Назаров вскочил, выглянул за дверь: Степан, поставив ногу на ступень и держась рукою за перила, слушал быстрый шёпот матери и перебивал её возгласами:
— Ну, так что? Тебе какое дело? А ты брось ерунду пороть, матушка!
Шагнул вперёд и, встретя взгляд Николая, спросил:
— Что, брат?
— Про что она говорила?
— Да так, своё, старушечье, — нехотя ответил Степан, подходя.
Назаров ввёл его в клеть, затворил дверь и сразу рассказал, как заснул по дороге к доктору, а лошадь поворотила назад. Сначала Рогачёв слушал серьёзно, потом — губы его дрогнули, и по скуластому лицу добродушно расползлась улыбка.
— Во-он что! То-то больно скоро ты оборотился! Ну, ездок!
— Боюсь я — выдумают про меня чего не надо?
— А ты не бойся — уж выдумали.
— Ну-у?
— На это — чтобы деготьком подмазать человека — времени много не надо!
— Как же быть?
— Да никак! Что тебе?
— Что? Хочется жить примерно, чтоб дурного не говорили…
— Не делай — не скажут.
— А что я сделал?
Степан подумал и ответил просто, без упрёка:
— Надо было всё-таки позвать доктора тотчас, как он лёг.

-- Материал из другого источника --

text \<open>Write w for the L2 projection of eta. Since <eta - w, w> = 0, Young's inequality gives
  <eta + w, psi> \<ge> 3/2 <eta,psi> - 5/4 |eta|^2 - |psi|^2/20 for every psi, so it suffices to find
  psi in the modified space with 3/2 <eta,psi> - 5/4 |eta|^2 - |psi|^2/20 \<ge> |eta|^2/100 and
  |psi| \<le> 9 |eta|.  Take psi = eta except on the first and last element of the mesh, where eta
  vanishes at the end point of the interface and is replaced by a polynomial of degree M - 1
  with the same value at the interior node.  On the reference element [0,1], with P(0) = 0,
  write P = U + A l with l the shifted Legendre polynomial of degree M and deg U < M, and put
  Psi = U + (A/M) k, where k reproduces point evaluation at 0 on polynomials of degree below M
  (up to the sign (-1)^(M-1)).  Orthogonality of l to U, together with U(0) = -(-1)^M A, gives
  all integrals in closed form in terms of |U|^2, A^2 and M, and the required inequalities
  reduce to two elementary inequalities in M that hold for M \<le> 13.  Affine maps transport the
  local estimate to the actual elements, and on interior elements psi = eta.\<close>

section \<open>Reference polynomials on [0,1]\<close>

text \<open>Row M of the two tables lists the coefficients, from degree 0 upwards, of the shifted
  Legendre polynomial of degree M on [0,1], namely (-1)^(M+k) * (M choose k) * ((M+k) choose k),
  and of (-1)^(M-1) times the reproducing kernel of evaluation at 0 in the polynomials of degree
  below M, namely (-1)^(M-1+k) * M * (M choose (k+1)) * ((M+k) choose k).  The facts about them
  used below are checked by evaluation, which is where the bound M \<le> 13 enters.\<close>

definition legendre_table :: "int list list" where
  "legendre_table = [[1],
   [-1, 2],
   [1, -6, 6],
   [-1, 12, -30, 20],
   [1, -20, 90, -140, 70],
   [-1, 30, -210, 560, -630, 252],
   [1, -42, 420, -1680, 3150, -2772, 924],
   [-1, 56, -756, 4200, -11550, 16632, -12012, 3432],
   [1, -72, 1260, -9240, 34650, -72072, 84084, -51480, 12870],
   [-1, 90, -1980, 18480, -90090, 252252, -420420, 411840, -218790, 48620],
   [1, -110, 2970, -34320, 210210, -756756, 1681680, -2333760, 1969110, -923780, 184756],
   [-1, 132, -4290, 60060, -450450, 2018016, -5717712, 10501920, -12471030, 9237800, -3879876, 705432],
   [1, -156, 6006, -100100, 900900, -4900896, 17153136, -39907296, 62355150, -64664600, 42678636, -16224936, 2704156],
   [-1, 182, -8190, 160160, -1701700, 11027016, -46558512, 133024320, -261891630, 355655300, -327202876, 194699232, -67603900, 10400600]]"

definition kernel_table :: "int list list" where
  "kernel_table = [[], [1],
   [-4, 6],
   [9, -36, 30],
   [-16, 120, -240, 140],
   [25, -300, 1050, -1400, 630],
   [-36, 630, -3360, 7560, -7560, 2772],
   [49, -1176, 8820, -29400, 48510, -38808, 12012],
   [-64, 2016, -20160, 92400, -221760, 288288, -192192, 51480],
   [81, -3240, 41580, -249480, 810810, -1513512, 1621620, -926640, 218790],
   [-100, 4950, -79200, 600600, -2522520, 6306300, -9609600, 8751600, -4375800, 923780],
   [121, -7260, 141570, -1321320, 6936930, -22198176, 44924880, -57760560, 45727110, -20323160, 3879876],
   [-144, 10296, -240240, 2702700, -17297280, 68612544, -176432256, 299304720, -332560800, 232792560, -93117024, 16224936],
   [169, -14196, 390390, -5205200, 39819780, -191134944, 605260656, -1296987120, 1891439550, -1849407560, 1160082924, -421848336, 67603900]]"

definition moment :: "int list \<Rightarrow> nat \<Rightarrow> rat" where
  "moment c j = (\<Sum>k<length c. of_int (c!k) / of_nat (k + j + 1))"

definition tables_valid :: "nat \<Rightarrow> bool" where
  "tables_valid M \<longleftrightarrow>
    length (legendre_table!M) = M + 1 \<and> length (kernel_table!M) = M \<and> legendre_table!M!M \<noteq> 0 \<and>
    sum_list (legendre_table!M) = 1 \<and> legendre_table!M!0 = (-1)^M \<and>
    sum_list (kernel_table!M) = int M \<and> kernel_table!M!0 = (-1)^(M-1) * int M^2 \<and>
    (\<forall>j<M. moment (legendre_table!M) j = 0) \<and>
    moment (legendre_table!M) M * of_int (legendre_table!M!M) = 1 / (2 * of_nat M + 1) \<and>
    (\<forall>j<M. moment (kernel_table!M) j = (if j = 0 then (-1)^(M-1) else 0))"

lemma tables_valid_upto_13: "list_all tables_valid [1..<14]"
  by code_simp

lemma tables_valid:
  assumes "1 \<le> M" "M \<le> 13"
  shows "tables_valid M"
  using tables_valid_upto_13 assms by (simp add: list_all_iff)

lemma has_integral_power_01: "((\<lambda>s::real. s ^ n) has_integral 1 / (real n + 1)) {0..1}"
proof -
  have "((\<lambda>s::real. s ^ n) has_integral (1 ^ Suc n / Suc n - 0 ^ Suc n / Suc n)) {0..1}"
  proof (rule fundamental_theorem_of_calculus)
    fix s :: real
    have "DERIV (\<lambda>s. s ^ Suc n / Suc n) s :> s ^ n"
      by (intro derivative_eq_intros) auto
    thus "((\<lambda>s. s ^ Suc n / Suc n) has_vector_derivative s ^ n) (at s within {0..1})"
      by (simp add: has_field_derivative_at_within flip: has_real_derivative_iff_has_vector_derivative)
  qed simp
  thus ?thesis by (simp add: add.commute)
qed

lemma poly_eq_sum_lessThan:
  fixes p :: "'a::comm_semiring_1 poly"
  assumes "degree p < N"
  shows "poly p s = (\<Sum>k<N. coeff p k * s ^ k)"
proof -
  have "poly p s = (\<Sum>k\<le>degree p. coeff p k * s ^ k)" by (rule poly_altdef)
  also have "\<dots> = (\<Sum>k<N. coeff p k * s ^ k)"
    by (rule sum.mono_neutral_left) (use assms in \<open>auto simp: coeff_eq_0\<close>)
  finally show ?thesis .
qed

lemma has_integral_poly_mult_power:
  fixes p :: "real poly"
  assumes "degree p < N"
  shows "((\<lambda>s. poly p s * s ^ j) has_integral (\<Sum>k<N. coeff p k / (real k + real j + 1))) {0..1}"
proof -
  have "((\<lambda>s. \<Sum>k<N. coeff p k * s ^ (k + j)) has_integral (\<Sum>k<N. coeff p k * (1 / (real (k + j) + 1)))) {0..1}"
    by (intro has_integral_sum has_integral_mult_right has_integral_power_01) auto
  moreover have "(\<lambda>s. poly p s * s ^ j) = (\<lambda>s. \<Sum>k<N. coeff p k * s ^ (k + j))"
    using poly_eq_sum_lessThan[OF assms] by (auto simp: sum_distrib_right power_add mult.assoc)
  ultimately show ?thesis by (simp add: add.assoc)
qed

lemma has_integral_poly_mult_poly:
  fixes p q :: "real poly"
  assumes "degree q < N" and "\<And>j. j < N \<Longrightarrow> ((\<lambda>s. poly p s * s ^ j) has_integral v j) {0..1}"
  shows "((\<lambda>s. poly p s * poly q s) has_integral (\<Sum>j<N. coeff q j * v j)) {0..1}"
proof -
  have "(\<lambda>s. poly p s * poly q s) = (\<lambda>s. \<Sum>j<N. coeff q j * (poly p s * s ^ j))"
    using poly_eq_sum_lessThan[OF assms(1)] by (auto simp: sum_distrib_left algebra_simps)
  thus ?thesis by (simp only:) (intro has_integral_sum has_integral_mult_right assms(2); simp)
qed

lemma poly_Poly_1: "poly (Poly xs) (1::'a::comm_semiring_1) = sum_list xs"
  by (induction xs) auto

lemma has_integral_Poly_mult_power:
  "((\<lambda>s. poly (Poly (map real_of_int c)) s * s ^ j) has_integral real_of_rat (moment c j)) {0..1}"
proof (cases "c = []")
  case True thus ?thesis by (simp add: moment_def)
next
  case False
  have "degree (Poly (map real_of_int c)) \<le> length c - 1"
    by (rule degree_le) (auto simp: nth_default_def)
  hence "degree (Poly (map real_of_int c)) < length c" using False by (cases c) auto
  from has_integral_poly_mult_power[OF this, of j] show ?thesis
    by (simp add: moment_def of_rat_sum of_rat_divide of_rat_add add_ac nth_default_def)
qed

definition legendre01 :: "nat \<Rightarrow> real poly" where
  "legendre01 M = Poly (map of_int (legendre_table!M))"

definition kernel01 :: "nat \<Rightarrow> real poly" where
  "kernel01 M = Poly (map of_int (kernel_table!M))"

context
  fixes M :: nat
  assumes M: "1 \<le> M" "M \<le> 13"
begin

private lemma table_facts:
  "length (legendre_table!M) = M + 1" "length (kernel_table!M) = M" "legendre_table!M!M \<noteq> 0"
  "sum_list (legendre_table!M) = 1" "legendre_table!M!0 = (-1)^M"
  "sum_list (kernel_table!M) = int M" "kernel_table!M!0 = (-1)^(M-1) * int M^2"
  "\<And>j. j < M \<Longrightarrow> moment (legendre_table!M) j = 0"
  "moment (legendre_table!M) M * of_int (legendre_table!M!M) = 1 / (2 * of_nat M + 1)"
  "\<And>j. j < M \<Longrightarrow> moment (kernel_table!M) j = (if j = 0 then (-1)^(M-1) else 0)"
  using tables_valid[OF M] unfolding tables_valid_def by blast+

— Да ведь никогда не хворал!
— И умирает — впервой.
Николай замолчал, оглянулся и сконфуженно сказал:
— А тут — есть хочется до смерти!
— Так что ж? Вон еды сколько!
‘Да — стыдно!’ — хотел сказать Назаров, а сказал: — Отрезать нечем.
— Чудишь ты что-то! — медленно выговорил Рогачёв, сунув руку в карман вытертых и заплатанных шаровар. — Будто ножа в дому нет! На вот!
Он протянул складной нож, присматриваясь к Николаю и говоря:
— Осунулся за ночь-то…
Назарову было приятно услышать это. Кромсая хлеб, он переспросил:
— Осунулся? Тяжело мне!
Потом, сидя на мешках, они смачно жевали хлеб с ветчиной, а через минуту дверь открылась, Дарья сунула к ним своё румяное лицо и, поражённо открыв рот, с ужасом прошептала:
— Глядите-тко — ест!
— Чего тебе? — спросил Николай, но она уже исчезла, а Рогачёв тихо засмеялся, говоря:
— Побежит теперь и всем скажет о жестоком твоём сердце — отец у тебя помирает, а ты — ешь!
Назаров отложил в сторону кусок хлеба, встал, угрюмо оглянулся и вздохнул.
— Надо было дверь запереть!
— Вот! — кивнул головою Степан. — А то не есть вплоть до поминок — ещё лучше!
Снова отворилась дверь — тётка Татьяна пропела голосом нищей:
— Пошёл бы ты, Николаюшко, к родителю-то, в остатний раз, поглядел бы, как расстаётся душенька его добрая с телом-плотью-то!
— Иду, — сказал Николай, отирая рот рукавом рубахи, и, прежде чем тётка скрылась, проворчал:
— Слышишь — добрая душенька! Я те скажу — терпеть она его не может, отца-то, да и он ею помыкал хуже, чем Дашкой, воровкой звал и всё…
— Уж так, брат, повелось, — усмехнулся Рогачёв.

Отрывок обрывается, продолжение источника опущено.